For several years FFA students filled food bags for local food banks. That event has migrated into a 4-H food competition, which has taken place for the last two years during the show.

“There is an involvement in a public policy way, in a broadly viewed way - the absolute importance for a farm kid to understand the vital role that food and food policy plays for the folks that are their next-door neighbors,” Price said. “Hopefully getting someone to not only consider agriculture, but to consider an appreciation for the long reach that farming plays in terms of food and nutrition.”

He also mentions food as medicine – how we can produce healthy food. Price said we need to be aware of how we eat because a great deal of today’s health issues come with not eating the right foods.

“It comes from the concept of how we think about food from a healthy standpoint,” he said.

He also notes throughout his career he has witnessed evolution and revolution in agriculture. The trends have been cost driven consolidation, consumer driven innovation and dynamic changes due to globalization and technology in every aspect of production and marketing.
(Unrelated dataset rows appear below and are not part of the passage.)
(* The linear map $\phi':\mathcal{H}_{WPP}\to\mathbf{WQSym}$ defined by $\phi'(P)=\sum_{g\in WLin(P)} g$ is a Hopf algebra isomorphism from $\mathcal{H}_{WPP}$ onto $(\mathbf{WQSym},.,\Delta)$; moreover $\phi'=\psi\circ\phi$, where $\phi(P)=\sum_{f\in Lin(P)}f$ and $\psi(f)=\sum_{g\prec f} g$.
   Context: A double poset is a finite set with two partial orders $\leq_1,\leq_2$. A weak plane poset is a double poset such that $x\leq_1 y$ and $x\leq_2 y$ imply $x=y$, and $x\preceq y\iff(x\leq_1 y$ or $x\leq_2 y)$ is a total quasi-order; $x\equiv y$ means $x\preceq y$ and $y\preceq x$; $x\ll y\iff(y\leq_1 x$ or $x\leq_2 y)$ is a total order, and $P$ is identified with $[n]$ so that $\ll$ is the natural order. $\mathcal{H}_{WPP}$ is the span of isomorphism classes of weak plane posets, with product $PQ$ on $P\sqcup Q$ ($\leq_1$ the disjoint union; $i\leq_2 j$ iff $i,j$ in the same factor and $i\leq_2 j$ there, or $i\in P,j\in Q$), unit the empty poset, and coproduct $\Delta(P)=\sum_O P_{|P\setminus O}\otimes P_{|O}$ over subsets $O$ upward closed for $\leq_1$. $Lin(P)$: surjections $f:[n]\to[k]$ with $i\leq_1 j\Rightarrow f(i)\leq f(j)$ and $f(i)=f(j)\Rightarrow i\equiv j$. $WLin(P)$: surjections $f:[n]\to[k]$ with $i\leq_1 j\Rightarrow f(i)\leq f(j)$ and ($i\leq_1 j$ and $f(i)=f(j)$) $\Rightarrow i\equiv j$. Surjections are identified with packed words $f(1)\cdots f(n)$ (words whose letters form $\{1,\dots,k\}$), which form a basis of $\mathbf{WQSym}$. For packed words $f,g$ of length $n$, $g\prec f$ means: $f(i)\leq f(j)\Rightarrow g(i)\leq g(j)$, and ($i<j$, $f(i)>f(j)$) $\Rightarrow g(i)>g(j)$. $pack$ replaces the letters of a word by their ranks. The product $.$ is $u.v=\sum w$ over packed words $w$ of length $|u|+|v|$ with $pack(w_1\cdots w_{|u|})=u$ and $pack(w_{|u|+1}\cdots)=v$ (e.g. $(1).(1)=(12)+(21)+(11)$). The coproduct is $\Delta(w)=\sum_{k=0}^{\max w} w_{|\leq k}\otimes pack(w_{|>k})$, with $w_{|\leq k}$, $w_{|>k}$ the subwords of letters $\leq k$, $>k$. *)

theory Defs
  imports Main
begin

definition supp :: "('b \<Rightarrow> 'k::zero) \<Rightarrow> 'b set" where
  "supp a = {x. a x \<noteq> 0}"

definition freevec :: "'b set \<Rightarrow> ('b \<Rightarrow> 'k::zero) set" where
  "freevec B = {a. finite (supp a) \<and> supp a \<subseteq> B}"

text \<open>Linear extension of a map given on basis elements by its matrix M x y
  (coefficient of basis element y in the image of basis element x).\<close>
definition lin_ext :: "('b \<Rightarrow> 'c \<Rightarrow> 'k::comm_semiring_1) \<Rightarrow> ('b \<Rightarrow> 'k) \<Rightarrow> ('c \<Rightarrow> 'k)" where
  "lin_ext M a = (\<lambda>y. \<Sum>x\<in>supp a. a x * M x y)"

definition bilin_ext :: "('b \<Rightarrow> 'b \<Rightarrow> 'c \<Rightarrow> 'k::comm_semiring_1) \<Rightarrow> ('b \<Rightarrow> 'k) \<Rightarrow> ('b \<Rightarrow> 'k) \<Rightarrow> ('c \<Rightarrow> 'k)" where
  "bilin_ext M a b = (\<lambda>z. \<Sum>x\<in>supp a. \<Sum>y\<in>supp b. a x * b y * M x y z)"

text \<open>Tensor product f \<otimes> g of two matrix-given maps, acting on the tensor square
  (represented as finitely supported functions on pairs of basis elements).\<close>
definition tensor_mat :: "('b \<Rightarrow> 'c \<Rightarrow> 'k::comm_semiring_1) \<Rightarrow> ('b \<Rightarrow> 'c \<Rightarrow> 'k)
     \<Rightarrow> ('b \<times> 'b) \<Rightarrow> ('c \<times> 'c) \<Rightarrow> 'k" where
  "tensor_mat M N = (\<lambda>(x1, x2) (y1, y2). M x1 y1 * N x2 y2)"

definition ind :: "bool \<Rightarrow> 'k::zero_neq_one" where
  "ind b = (if b then 1 else 0)"

text \<open>A weak plane poset on [n] = {1..n}, labelled so that \<ll> is the natural order;
  this is a canonical representative of its isomorphism class.
  Data: (n, \<le>1, \<le>2) with the orders given as relations.\<close>
type_synonym wppdata = "nat \<times> (nat \<times> nat) set \<times> (nat \<times> nat) set"

definition partial_order_on_set :: "nat set \<Rightarrow> (nat \<times> nat) set \<Rightarrow> bool" where
  "partial_order_on_set A R \<longleftrightarrow> R \<subseteq> A \<times> A \<and> (\<forall>x\<in>A. (x, x) \<in> R) \<and> antisym R \<and> trans R"

definition is_wpp :: "wppdata \<Rightarrow> bool" where
  "is_wpp P = (case P of (n, R1, R2) \<Rightarrow>
      partial_order_on_set {1..n} R1 \<and> partial_order_on_set {1..n} R2
    \<and> (\<forall>x y. (x, y) \<in> R1 \<and> (x, y) \<in> R2 \<longrightarrow> x = y)
    \<comment> \<open>\<preceq> is a total quasi-order\<close>
    \<and> trans (R1 \<union> R2)
    \<and> (\<forall>x\<in>{1..n}. \<forall>y\<in>{1..n}. (x, y) \<in> R1 \<union> R2 \<or> (y, x) \<in> R1 \<union> R2)
    \<comment> \<open>\<ll> is a total order and equals the natural order on [n]\<close>
    \<and> (\<forall>x\<in>{1..n}. \<forall>y\<in>{1..n}. x \<le> y \<longleftrightarrow> ((y, x) \<in> R1 \<or> (x, y) \<in> R2)))"

definition WPP :: "wppdata set" where
  "WPP = {P. is_wpp P}"

definition shift_rel :: "nat \<Rightarrow> (nat \<times> nat) set \<Rightarrow> (nat \<times> nat) set" where
  "shift_rel k R = {(i + k, j + k) | i j. (i, j) \<in> R}"

definition wpp_prod :: "wppdata \<Rightarrow> wppdata \<Rightarrow> wppdata" where
  "wpp_prod P Q = (case P of (n, R1, R2) \<Rightarrow> case Q of (m, S1, S2) \<Rightarrow>
     (n + m, R1 \<union> shift_rel n S1,
      R2 \<union> shift_rel n S2 \<union> {(i, j). i \<in> {1..n} \<and> j \<in> {n+1..n+m}}))"

definition empty_wpp :: wppdata where
  "empty_wpp = (0, {}, {})"

text \<open>Rank of i in a finite set S (order-preserving relabelling of S onto [card S]).\<close>
definition rk :: "nat set \<Rightarrow> nat \<Rightarrow> nat" where
  "rk S i = card {y \<in> S. y \<le> i}"

definition restr :: "wppdata \<Rightarrow> nat set \<Rightarrow> wppdata" where
  "restr P S = (case P of (n, R1, R2) \<Rightarrow>
     (card S, {(rk S i, rk S j) | i j. (i, j) \<in> R1 \<and> i \<in> S \<and> j \<in> S},
              {(rk S i, rk S j) | i j. (i, j) \<in> R2 \<and> i \<in> S \<and> j \<in> S}))"

definition upclosed1 :: "wppdata \<Rightarrow> nat set \<Rightarrow> bool" where
  "upclosed1 P U = (case P of (n, R1, R2) \<Rightarrow>
     U \<subseteq> {1..n} \<and> (\<forall>i j. (i, j) \<in> R1 \<and> i \<in> U \<longrightarrow> j \<in> U))"

definition prodH :: "(wppdata \<Rightarrow> 'k::field) \<Rightarrow> (wppdata \<Rightarrow> 'k) \<Rightarrow> (wppdata \<Rightarrow> 'k)" where
  "prodH = bilin_ext (\<lambda>P Q R. ind (R = wpp_prod P Q))"

definition unitH :: "wppdata \<Rightarrow> 'k::field" where
  "unitH = (\<lambda>P. ind (P = empty_wpp))"

definition coprodH_mat :: "wppdata \<Rightarrow> wppdata \<times> wppdata \<Rightarrow> 'k::field" where
  "coprodH_mat P = (\<lambda>(P1, P2). \<Sum>U\<in>{U. upclosed1 P U}.
      ind (P1 = restr P ({1..fst P} - U) \<and> P2 = restr P U))"

definition coprodH :: "(wppdata \<Rightarrow> 'k::field) \<Rightarrow> (wppdata \<times> wppdata \<Rightarrow> 'k)" where
  "coprodH = lin_ext coprodH_mat"

definition counitH :: "(wppdata \<Rightarrow> 'k::field) \<Rightarrow> 'k" where
  "counitH a = a empty_wpp"

definition packed :: "nat list \<Rightarrow> bool" where
  "packed w \<longleftrightarrow> (\<exists>k. set w = {1..k})"

definition PW :: "nat list set" where
  "PW = {w. packed w}"

definition pack :: "nat list \<Rightarrow> nat list" where
  "pack w = map (\<lambda>x. card {y \<in> set w. y \<le> x}) w"

definition maxl :: "nat list \<Rightarrow> nat" where
  "maxl w = Max (insert 0 (set w))"

definition prodW :: "(nat list \<Rightarrow> 'k::field) \<Rightarrow> (nat list \<Rightarrow> 'k) \<Rightarrow> (nat list \<Rightarrow> 'k)" where
  "prodW = bilin_ext (\<lambda>u v w. ind (packed w \<and> length w = length u + length v
       \<and> pack (take (length u) w) = u \<and> pack (drop (length u) w) = v))"

definition unitW :: "nat list \<Rightarrow> 'k::field" where
  "unitW = (\<lambda>w. ind (w = []))"

definition coprodW_mat :: "nat list \<Rightarrow> nat list \<times> nat list \<Rightarrow> 'k::field" where
  "coprodW_mat w = (\<lambda>(u, v). \<Sum>k\<in>{0..maxl w}.
      ind (u = filter (\<lambda>x. x \<le> k) w \<and> v = pack (filter (\<lambda>x. k < x) w)))"

definition coprodW :: "(nat list \<Rightarrow> 'k::field) \<Rightarrow> (nat list \<times> nat list \<Rightarrow> 'k)" where
  "coprodW = lin_ext coprodW_mat"

definition counitW :: "(nat list \<Rightarrow> 'k::field) \<Rightarrow> 'k" where
  "counitW a = a []"

text \<open>A packed word f of length n is read as the surjection i \<mapsto> f ! (i - 1) on [n].\<close>
definition at :: "nat list \<Rightarrow> nat \<Rightarrow> nat" where
  "at f i = f ! (i - 1)"

definition qle :: "wppdata \<Rightarrow> nat \<Rightarrow> nat \<Rightarrow> bool" where
  "qle P i j = (case P of (n, R1, R2) \<Rightarrow> (i, j) \<in> R1 \<or> (i, j) \<in> R2)"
Those changes have also taken place at the gin show as the seminars and outlooks focus on the changing technical landscape of the world at-large. Virtual platforms for the show were developed as COVID-19 hit.

Those platforms opened the door to international participation and currently attract individuals from 15 to 20 locations around the world. Price expects the virtual platform of the show to continue as a vital component.

He also believes the social responsibility of his organization and its members is not just the management and safety of their individual operations, but how those operations and the association impact the local and international community. The SCGA under Tim Price’s leadership is taking on that task and has been rewarded for that effort.